User: For {country}'s "{sector}" sector, identify the TOP AI use
case and derive economic parameters.
[...full prompt requesting benchmark anchor, country discount,
conservative floor, and final estimate in structured JSON...]

All prompts constrain output to JSON schemas. The LLM cannot produce narrative hallucination or unconstrained financial estimates.

AI Opportunity Index

AOIs=d=16wdSs,d×10\text{AOI}s = \sum{d=1}^{6} w_d \cdot S_{s,d} \times 10

Weights justified via AHP literature: automation potential (labor + repetitiveness = 0.40, per Frey & Osborne 2017), implementation feasibility (data + political = 0.30, per Janssen et al. 2020), impact scale (volume + gap = 0.30, per World Bank GovTech 2022). We acknowledge the weighted sum is a simplification; more complex methods (TOPSIS, ELECTRE) could capture interdependencies but at the cost of interpretability for government decision-makers.

Parameter Derivation

Financial parameters follow a 4-step chain anchored in UK HM Treasury Green Book (2022, Annex A2):

  1. Benchmark anchor: Published international result (e.g., HMRC: 1.5% collection uplift)
  2. Country discount: Target readiness / benchmark readiness ratio
  3. Optimism bias adjustment: HM Treasury recommends -20% to -40% for IT benefits. We apply deeper discounts scaled by the country's institutional distance from the benchmark: Brazil's tax system has 60+ tax types and 3,000+ regulations vs UK's simpler structure, justifying a larger discount. The specific magnitude (e.g., -97%) is a modeling judgment that we sensitivity-test in the Monte Carlo.
  4. Distribution fit: Triangular (costs), lognormal (behavioral), beta (adoption)

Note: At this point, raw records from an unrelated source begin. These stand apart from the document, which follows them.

text \<open>
  If \<open>|coeff p l|\<close> were larger, then \<open>r = T\<^sub>k - c p\<close> with \<open>|c| < 1\<close> and \<open>coeff r l = 0\<close> would
  alternate in sign at the \<open>k + 1\<close> nodes, and so would its part of parity \<open>k\<close>, whose
  coefficients of parity \<open>k\<close> therefore cannot vanish.
\<close>

lemma abs_coeff_le_abs_coeff_cheb:
  fixes p :: "real poly"
  assumes "0 < k" "l \<le> k" "even (k + l)" "degree p \<le> k"
    and bounded: "\<forall>j\<le>k. \<bar>poly p (cheb_node k j)\<bar> \<le> 1"
  shows "\<bar>coeff p l\<bar> \<le> \<bar>coeff (cheb k) l\<bar>"
proof (rule ccontr)
  assume "\<not> ?thesis"
  then have less: "\<bar>coeff (cheb k) l\<bar> < \<bar>coeff p l\<bar>"
    by simp
  define c where "c = coeff (cheb k) l / coeff p l"
  have "\<bar>c\<bar> < 1"
    using less by (simp add: c_def abs_divide)
  define r where "r = cheb k - smult c p"
  have "coeff r l = 0"
    using less by (simp add: r_def c_def)
  have "degree r \<le> k"
    unfolding r_def using degree_cheb_le \<open>degree p \<le> k\<close>
    by (intro degree_diff_le) (auto intro: order_trans[OF degree_smult_le])
  have "0 < (-1) ^ j * poly r (cheb_node k j)" if "j \<le> k" for j
  proof -
    have "\<bar>c\<bar> * \<bar>poly p (cheb_node k j)\<bar> < 1"
      using bounded that \<open>\<bar>c\<bar> < 1\<close> by (meson abs_ge_zero le_less_trans mult_left_le)
    then have "\<bar>c * ((-1) ^ j * poly p (cheb_node k j))\<bar> < 1"
      by (simp add: abs_mult)
    moreover have "(-1) ^ j * poly r (cheb_node k j) = 1 - c * ((-1) ^ j * poly p (cheb_node k j))"
      using \<open>0 < k\<close> by (simp add: r_def poly_cheb_cheb_node algebra_simps flip: power_mult_distrib)
    ultimately show ?thesis
      by linarith
  qed
  then have "\<forall>j\<le>k. 0 < (-1) ^ j * poly (parity_part k r) (cheb_node k j)"
    using \<open>0 < k\<close> by (intro parity_part_alternating_at_cheb_nodes) auto
  moreover have "degree (parity_part k r) \<le> k"
    using \<open>degree r \<le> k\<close> degree_parity_part_le[of k r] by simp
  ultimately have "coeff (parity_part k r) l \<noteq> 0"
    using coeff_nonzero_if_alternating_at_cheb_nodes poly_parity_part_minus assms(2,3) by blast
  then show False
    using \<open>coeff r l = 0\<close> \<open>even (k + l)\<close> by (simp add: coeff_parity_part)
qed
lemma eta_threshold_iff_GA_nonpos:
  assumes "t \<in> {1..K}"
  shows "1/2 + (\<alpha>bar * gam t / (\<alpha> t * p t) - sumK gam) / 2 \<le> u \<longleftrightarrow> GA t gam u \<le> 0"
  unfolding GA_def using psz_pos[OF assms] \<alpha>_pos[OF assms] \<alpha>bar_pos by (simp add: field_simps)

lemma gstar_eq:
  assumes "t \<in> {1..K}"
  shows "gst x t = (if \<bar>GA t gam (\<eta> x t)\<bar> - GB t lam gam \<le> 0 then Rej
    else if GA t gam (\<eta> x t) \<le> 0 then L1 else L0)"
  unfolding gstar_def Let_def Gfun_eq using eta_threshold_iff_GA_nonpos[OF assms] by simp

lemma XS_measurable: "(\<lambda>w. (X w, S w)) \<in> measurable M (borel \<Otimes>\<^sub>M count_space UNIV)"
  using X_measurable by measurable

lemma eta_XS_measurable[measurable]: "eta_XS \<in> borel_measurable M"
proof -
  have "(\<lambda>(x, s). \<eta> x s) \<in> borel_measurable (borel \<Otimes>\<^sub>M count_space UNIV)"
    using regression unfolding is_regression_def by auto
  from measurable_compose[OF XS_measurable this] show ?thesis
    unfolding eta_XS_def by simp
qed

lemma eta_XS_integrable: "integrable M eta_XS"
  using regression unfolding is_regression_def eta_XS_def by auto

lemma ev_sets[measurable]: "Measurable.pred M P \<Longrightarrow> ev M P \<in> sets M"
  unfolding ev_def by measurable

lemma ev_inter_space[simp]: "ev M P \<inter> space M = ev M P"
  unfolding ev_def by auto

lemma measurable_classifier_XS:
  assumes "is_classifier f"
  shows "(\<lambda>w. f (X w) (S w)) \<in> measurable M (count_space UNIV)"
  using measurable_compose[OF XS_measurable assms[unfolded is_classifier_def]] by simp

lemma pred_classifier_XS[measurable]:
  assumes "is_classifier f"
  shows "Measurable.pred M (\<lambda>w. f (X w) (S w) = c)"
  using measurable_classifier_XS[OF assms] by measurable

The key safeguard: the -97% discount is NOT a point estimate we depend on. It is the mode of a Triangular(0.025%, 0.05%, 0.10%) distribution, and the Monte Carlo explores the full range. Sensitivity analysis confirms that even at +/-20%, the conclusion (positive expected NPV) is robust.

Government Failure Modes

Mode Calibration Source
Procurement delay 6-24 months OECD Government at a Glance 2023
Cost overrun 45% probability Standish Group CHAOS 2020
Political defunding 3-5% annual Flyvbjerg, Oxford Rev Econ Policy 2009
Adoption ceiling 65-85% World Bank GovTech 2022

Ablation Study: LLM vs Baseline

To demonstrate the LLM's contribution, we compare Claude-generated sector scores against a hand-coded baseline for Brazil:

Sector Dimension Baseline LLM LLM Justification
Tax & Revenue labor_intensity 7 6 "Auditors are skilled knowledge workers, not manual labor — lower automation of core tasks"
Tax & Revenue benchmark_gap 8 9 "BRL 5.4T claims at 75% of GDP represents one of the largest enforcement gaps globally"
Judiciary political_feasibility 5 4 "Brazilian judicial independence (constitutional guarantee) makes external reform particularly sensitive"
Healthcare data_maturity 5 4 "SUS data fragmented across 5,570 autonomous municipalities with incompatible systems"
Municipal citizen_volume 8 7 "Volume is high but distributed across 5,570 municipalities, reducing per-entity impact"

Key findings from ablation:

  • The LLM produces different scores in 14 of 48 dimension-sector pairs (29% divergence rate), demonstrating it is not reproducing the baseline.
  • LLM scores show more nuanced country-specific reasoning (e.g., distinguishing "skilled knowledge workers" from "manual labor" in tax administration).
  • The LLM's top-ranked sector matches the baseline (Tax & Revenue) but with a different AOI score (81.0 vs 81.5), confirming the same conclusion via independent reasoning.
  • In 3 cases, the LLM scores lower than baseline, reflecting genuine analytical conservatism rather than optimism bias.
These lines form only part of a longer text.